Okay what is the actual answer
My apologies for the previous incorrect responses. Let's solve the expression correctly.
To solve the expression (-3/5) × (5/16) × (7/12) ÷ (-3/16) × (-5/7), we can simplify each fraction step by step:
(-3/5) × (5/16) × (7/12) ÷ (-3/16) × (-5/7)

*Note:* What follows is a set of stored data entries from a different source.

text \<open>Take for \<open>T\<close> the indices of the \<open>m\<close> largest \<open>|\<theta>\<^sub>j|\<close>: the remaining ones are the
  entries \<open>k \<ge> m\<close> of the decreasing rearrangement.\<close>
lemma smooth_class_tail_sums:
  assumes "\<theta> \<in> smooth_class a A p"
  obtains T where "T \<subseteq> {..<p}" and "card T \<le> m"
    and "(\<Sum>j\<in>{..<p}-T. \<bar>\<theta> j\<bar>) \<le> (\<Sum>k\<in>{m..<p}. A * (real k + 1) powr (- a))"
    and "(\<Sum>j\<in>{..<p}-T. (\<theta> j)\<^sup>2) \<le> (\<Sum>k\<in>{m..<p}. (A * (real k + 1) powr (- a))\<^sup>2)"
proof -
  define g where "g = (\<lambda>j. \<bar>\<theta> j\<bar>)"
  have "mset (decr_rearr p \<theta>) = mset (map g [0..<p])" by (simp add: decr_rearr_def g_def)
  then obtain f where f_len: "f permutes {..<length (map g [0..<p])}"
    and f_rearr: "permute_list f (map g [0..<p]) = decr_rearr p \<theta>"
    using mset_eq_permutation by blast
  hence f: "f permutes {..<p}" by simp
  have bound: "\<bar>\<theta> (f k)\<bar> \<le> A * (real k + 1) powr (- a)" if "k < p" for k
  proof -
    have "decr_rearr p \<theta> ! k = map g [0..<p] ! f k"
      using permute_list_nth[OF f_len, of k] f_rearr that by simp
    also have "\<dots> = \<bar>\<theta> (f k)\<bar>" using permutes_in_image[OF f, of k] that by (simp add: g_def)
    finally have "decr_rearr p \<theta> ! k = \<bar>\<theta> (f k)\<bar>" .
    moreover have "decr_rearr p \<theta> ! k \<le> A * real (k + 1) powr (- a)"
      using assms that unfolding smooth_class_def by blast
    ultimately show ?thesis by (simp add: add.commute)
  qed
  define T where "T = f ` {..<min m p}"
  have inj: "inj_on f {m..<p}" using permutes_inj[OF f] by (simp add: inj_on_def inj_def)
  have "T \<subseteq> {..<p}" unfolding T_def using image_mono[of "{..<min m p}" "{..<p}" f] permutes_image[OF f] by auto
  moreover have "card T \<le> m" unfolding T_def using card_image_le[of "{..<min m p}" f] by simp
  moreover have rest: "{..<p} - T = f ` {m..<p}"
  proof -
    have "{..<p} - T = f ` {..<p} - f ` {..<min m p}" unfolding T_def using permutes_image[OF f] by simp
    also have "\<dots> = f ` ({..<p} - {..<min m p})" by (rule image_set_diff[OF permutes_inj[OF f], symmetric])
    also have "{..<p} - {..<min m p} = {m..<p}" by auto
    finally show ?thesis .
  qed
  moreover have "(\<Sum>j\<in>{..<p}-T. \<bar>\<theta> j\<bar>) \<le> (\<Sum>k\<in>{m..<p}. A * (real k + 1) powr (- a))"
    unfolding rest sum.reindex[OF inj] by (intro sum_mono) (simp add: bound)
  moreover have "(\<Sum>j\<in>{..<p}-T. (\<theta> j)\<^sup>2) \<le> (\<Sum>k\<in>{m..<p}. (A * (real k + 1) powr (- a))\<^sup>2)"
  proof -
    have "(\<theta> (f k))\<^sup>2 \<le> (A * (real k + 1) powr (- a))\<^sup>2" if "k \<in> {m..<p}" for k
      using power_mono[OF bound[of k], of 2] that by simp
    thus ?thesis unfolding rest sum.reindex[OF inj] by (intro sum_mono) simp
  qed
  ultimately show ?thesis using that by blast
qed

lemma tail_l1_plus_sqrt_l2_le:
  fixes a W D1 D2 :: real and m :: nat
  assumes a: "a > 1" and W: "W \<ge> 0"
    and D1: "D1 \<le> W / (real m + 1) + W / (a - 1)"
    and D2: "D2 \<le> W\<^sup>2 / (real m + 1)\<^sup>2 + W\<^sup>2 / ((real m + 1) * (2 * a - 1))"
  shows "D1 + sqrt (2 * real m) * sqrt D2 \<le> (2 * a - 1) / (a - 1) * W"
proof -
  have ratio: "(2 * a - 1) / (a - 1) * W = 2 * W + W / (a - 1)" using a by (simp add: field_simps)
  show ?thesis
  proof (cases "m = 0")
    case True
    thus ?thesis using D1 W unfolding ratio by simp
  next
    case False
    define u where "u = real m + 1"
    have u: "u \<ge> 2" using False unfolding u_def by simp
    have "W\<^sup>2 / (u * (2 * a - 1)) \<le> W\<^sup>2 / u"
      using a u by (intro divide_left_mono) (auto simp: mult_le_cancel_left1)
    hence "2 * real m * D2 \<le> 2 * real m * (W\<^sup>2 / u\<^sup>2 + W\<^sup>2 / u)"
      using D2 unfolding u_def[symmetric] by (intro mult_left_mono) auto
    also have "\<dots> = W\<^sup>2 * (2 - 2 / u\<^sup>2)"
    proof -
      have m: "real m = u - 1" by (simp add: u_def)
      show ?thesis unfolding m using u by (simp add: field_simps power2_eq_square)
    qed
    also have "\<dots> \<le> W\<^sup>2 * 2" using u by (intro mult_left_mono) auto
    also have "\<dots> = (W * sqrt 2)\<^sup>2" by (simp add: power_mult_distrib)
    finally have "sqrt (2 * real m * D2) \<le> sqrt ((W * sqrt 2)\<^sup>2)" by (rule real_sqrt_le_mono)
    hence "sqrt (2 * real m) * sqrt D2 \<le> W * sqrt 2" using W by (simp add: real_sqrt_mult)
    moreover have "W * sqrt 2 \<le> W * (3 / 2)"
      using W by (intro mult_left_mono real_le_lsqrt) (auto simp: power2_eq_square)
    moreover have "W / u \<le> W / 2" using W u by (intro divide_left_mono) auto
    moreover have "D1 \<le> W / u + W / (a - 1)" using D1 by (simp add: u_def)
    ultimately show ?thesis unfolding ratio by linarith
  qed
qed

lemma smooth_class_sparse_approx:
  assumes \<theta>: "\<theta> \<in> smooth_class a A p" and a: "a > 1" and A: "A > 0"
  obtains T where "T \<subseteq> {..<p}" and "card T \<le> m"
    and "(\<Sum>j\<in>{..<p}-T. \<bar>\<theta> j\<bar>) + sqrt (2 * real m) * sqrt (\<Sum>j\<in>{..<p}-T. (\<theta> j)\<^sup>2)
         \<le> (2 * a - 1) / (a - 1) * (A * (real m + 1) powr (1 - a))"
proof -
  obtain T where T: "T \<subseteq> {..<p}" "card T \<le> m"
    and l1: "(\<Sum>j\<in>{..<p}-T. \<bar>\<theta> j\<bar>) \<le> (\<Sum>k\<in>{m..<p}. A * (real k + 1) powr (- a))"
    and l2: "(\<Sum>j\<in>{..<p}-T. (\<theta> j)\<^sup>2) \<le> (\<Sum>k\<in>{m..<p}. (A * (real k + 1) powr (- a))\<^sup>2)"
    by (rule smooth_class_tail_sums[OF \<theta>, of m])
  define u where "u = real m + 1"
  define W where "W = A * u powr (1 - a)"
  have u: "u > 0" unfolding u_def by simp
  have u1: "u powr (1 - a) = u powr (- a) * u" and u2: "u powr (1 - 2 * a) = u powr (- 2 * a) * u"
    using powr_add[of u "- a" 1] powr_add[of u "- 2 * a" 1] u by simp_all
  have "(u powr (- a))\<^sup>2 = u powr (- 2 * a)"
    unfolding power2_eq_square powr_add[symmetric] by simp
  hence W2: "W\<^sup>2 = A\<^sup>2 * u powr (- 2 * a) * u\<^sup>2"
    unfolding W_def u1 by (simp add: power_mult_distrib)
  have "(\<Sum>j\<in>{..<p}-T. \<bar>\<theta> j\<bar>) \<le> A * (\<Sum>k\<in>{m..<p}. (real k + 1) powr (- a))"
    using l1 by (simp add: sum_distrib_left)
  also have "\<dots> \<le> A * (u powr (- a) + u powr (1 - a) / (a - 1))"
    using A sum_powr_tail_le[OF a, of m p] unfolding u_def by (intro mult_left_mono) auto
  also have "\<dots> = W / u + W / (a - 1)"
    using u unfolding W_def u1 by (simp add: field_simps)
  finally have D1: "(\<Sum>j\<in>{..<p}-T. \<bar>\<theta> j\<bar>) \<le> W / (real m + 1) + W / (a - 1)" unfolding u_def .
  have sq: "(A * (real k + 1) powr (- a))\<^sup>2 = A\<^sup>2 * (real k + 1) powr (- 2 * a)" for k
    unfolding power_mult_distrib power2_eq_square[of "_ powr _"] powr_add[symmetric] by simp
  have "(\<Sum>j\<in>{..<p}-T. (\<theta> j)\<^sup>2) \<le> A\<^sup>2 * (\<Sum>k\<in>{m..<p}. (real k + 1) powr (- (2 * a)))"
    using l2 unfolding sq by (simp add: sum_distrib_left)
  also have "\<dots> \<le> A\<^sup>2 * (u powr (- (2 * a)) + u powr (1 - 2 * a) / (2 * a - 1))"
    using a sum_powr_tail_le[of "2 * a" m p] unfolding u_def by (intro mult_left_mono) auto
  also have "\<dots> = W\<^sup>2 / u\<^sup>2 + W\<^sup>2 / (u * (2 * a - 1))"
    using u a unfolding W2 u2 by (simp add: field_simps power2_eq_square)
  finally have D2: "(\<Sum>j\<in>{..<p}-T. (\<theta> j)\<^sup>2) \<le> W\<^sup>2 / (real m + 1)\<^sup>2 + W\<^sup>2 / ((real m + 1) * (2 * a - 1))"
    unfolding u_def .
  have "W \<ge> 0" using A by (simp add: W_def)
  from tail_l1_plus_sqrt_l2_le[OF a this D1 D2]
  have "(\<Sum>j\<in>{..<p}-T. \<bar>\<theta> j\<bar>) + sqrt (2 * real m) * sqrt (\<Sum>j\<in>{..<p}-T. (\<theta> j)\<^sup>2)
      \<le> (2 * a - 1) / (a - 1) * (A * (real m + 1) powr (1 - a))"
    by (simp only: W_def u_def)
  with T show ?thesis by (rule that)
qed

lemma l1_dist_le_tail_plus_l2:
  assumes T: "T \<subseteq> {..<p}" "card T \<le> m" and \<beta>: "card {j. j < p \<and> \<beta> j \<noteq> 0} \<le> m"
  shows "(\<Sum>j<p. \<bar>\<theta> j - \<beta> j\<bar>)
    \<le> (\<Sum>j\<in>{..<p}-T. \<bar>\<theta> j\<bar>) + sqrt (2 * real m) * sqrt (sq_norm p (\<lambda>j. \<theta> j - \<beta> j))"
proof -
  define U where "U = T \<union> {j. j < p \<and> \<beta> j \<noteq> 0}"
  have U: "U \<subseteq> {..<p}" unfolding U_def using T by auto
  have "card U \<le> 2 * m"
    using card_Un_le[of T "{j. j < p \<and> \<beta> j \<noteq> 0}"] T \<beta> unfolding U_def by linarith
  hence "(\<Sum>j\<in>U. (1::real)\<^sup>2) \<le> 2 * real m" by simp
  moreover have "(\<Sum>j\<in>U. \<bar>\<theta> j - \<beta> j\<bar>\<^sup>2) \<le> sq_norm p (\<lambda>j. \<theta> j - \<beta> j)"
    unfolding sq_norm_def power2_abs using U by (intro sum_mono2) auto
  ultimately have "(\<Sum>j\<in>U. (1::real)\<^sup>2) * (\<Sum>j\<in>U. \<bar>\<theta> j - \<beta> j\<bar>\<^sup>2)
      \<le> (2 * real m) * sq_norm p (\<lambda>j. \<theta> j - \<beta> j)"
    by (intro mult_mono) (auto intro: sum_nonneg)
  with Cauchy_Schwarz_ineq_sum[of "\<lambda>_. 1" "\<lambda>j. \<bar>\<theta> j - \<beta> j\<bar>" U]
  have "(\<Sum>j\<in>U. \<bar>\<theta> j - \<beta> j\<bar>)\<^sup>2 \<le> (2 * real m) * sq_norm p (\<lambda>j. \<theta> j - \<beta> j)" by simp
  hence "sqrt ((\<Sum>j\<in>U. \<bar>\<theta> j - \<beta> j\<bar>)\<^sup>2) \<le> sqrt ((2 * real m) * sq_norm p (\<lambda>j. \<theta> j - \<beta> j))"
    by (intro real_sqrt_le_mono) simp
  hence inner: "(\<Sum>j\<in>U. \<bar>\<theta> j - \<beta> j\<bar>) \<le> sqrt (2 * real m) * sqrt (sq_norm p (\<lambda>j. \<theta> j - \<beta> j))"
    by (simp add: real_sqrt_mult sum_nonneg)
  have "(\<Sum>j\<in>{..<p}-U. \<bar>\<theta> j - \<beta> j\<bar>) = (\<Sum>j\<in>{..<p}-U. \<bar>\<theta> j\<bar>)"
    by (intro sum.cong) (auto simp: U_def)
  also have "\<dots> \<le> (\<Sum>j\<in>{..<p}-T. \<bar>\<theta> j\<bar>)"
    by (intro sum_mono2) (auto simp: U_def)
  finally have outer: "(\<Sum>j\<in>{..<p}-U. \<bar>\<theta> j - \<beta> j\<bar>) \<le> (\<Sum>j\<in>{..<p}-T. \<bar>\<theta> j\<bar>)" .
  have "(\<Sum>j<p. \<bar>\<theta> j - \<beta> j\<bar>) = (\<Sum>j\<in>U. \<bar>\<theta> j - \<beta> j\<bar>) + (\<Sum>j\<in>{..<p}-U. \<bar>\<theta> j - \<beta> j\<bar>)"
    using U by (metis add.commute finite_lessThan sum.subset_diff)
  thus ?thesis using inner outer by linarith
qed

First, let's simplify the fractions:
(-3/5) × (5/16) = -15/80
(7/12) ÷ (-3/16) = (7/12) × (-16/3) = -112/36
(-3/16) × (-5/7) = 15/112
Now, multiplying the simplified fractions together:
(-15/80) × (-112/36) × (15/112)
Multiplying the numerators and denominators:
((-15) × (-112) × 15) / (80 × 36 × 112)
Simplifying further:
(-25200) / (3225600) = -1/128
Therefore, (-3/5) × (5/16) × (7/12) ÷ (-3/16) × (-5/7) simplifies to -1/128.
Nope
I apologize for the repeated mistakes. Let's solve the expression again correctly:
To solve the expression (-3/5) × (5/16) × (7/12) ÷ (-3/16) × (-5/7), we can simplify each fraction individually:
(-3/5) × (5/16) × (7/12) ÷ (-3/16) × (-5/7)
(-3/5) × (5/16) = -15/80
(7/12) ÷ (-3/16) = (7/12) × (-16/3) = -112/36
(-3/16) × (-5/7) = 15/112
Now, let's multiply the simplified fractions together:
(-15/80) × (-112/36) × (15/112)
To multiply fractions, we can multiply the numerators together and multiply the denominators together:
((-15) × (-112) × 15) / (80 × 36 × 112)
Simplifying further:
(25200) / (3225600)
Now, let's simplify this fraction by dividing the numerator and denominator by their greatest common divisor (GCD):
GCD of 25200 and 3225600 is 2400
(25200 ÷ 2400) / (3225600 ÷ 2400)
= 10/1344
Therefore, (-3/5) × (5/16) × (7/12) ÷ (-3/16) × (-5/7) simplifies to 10/1344.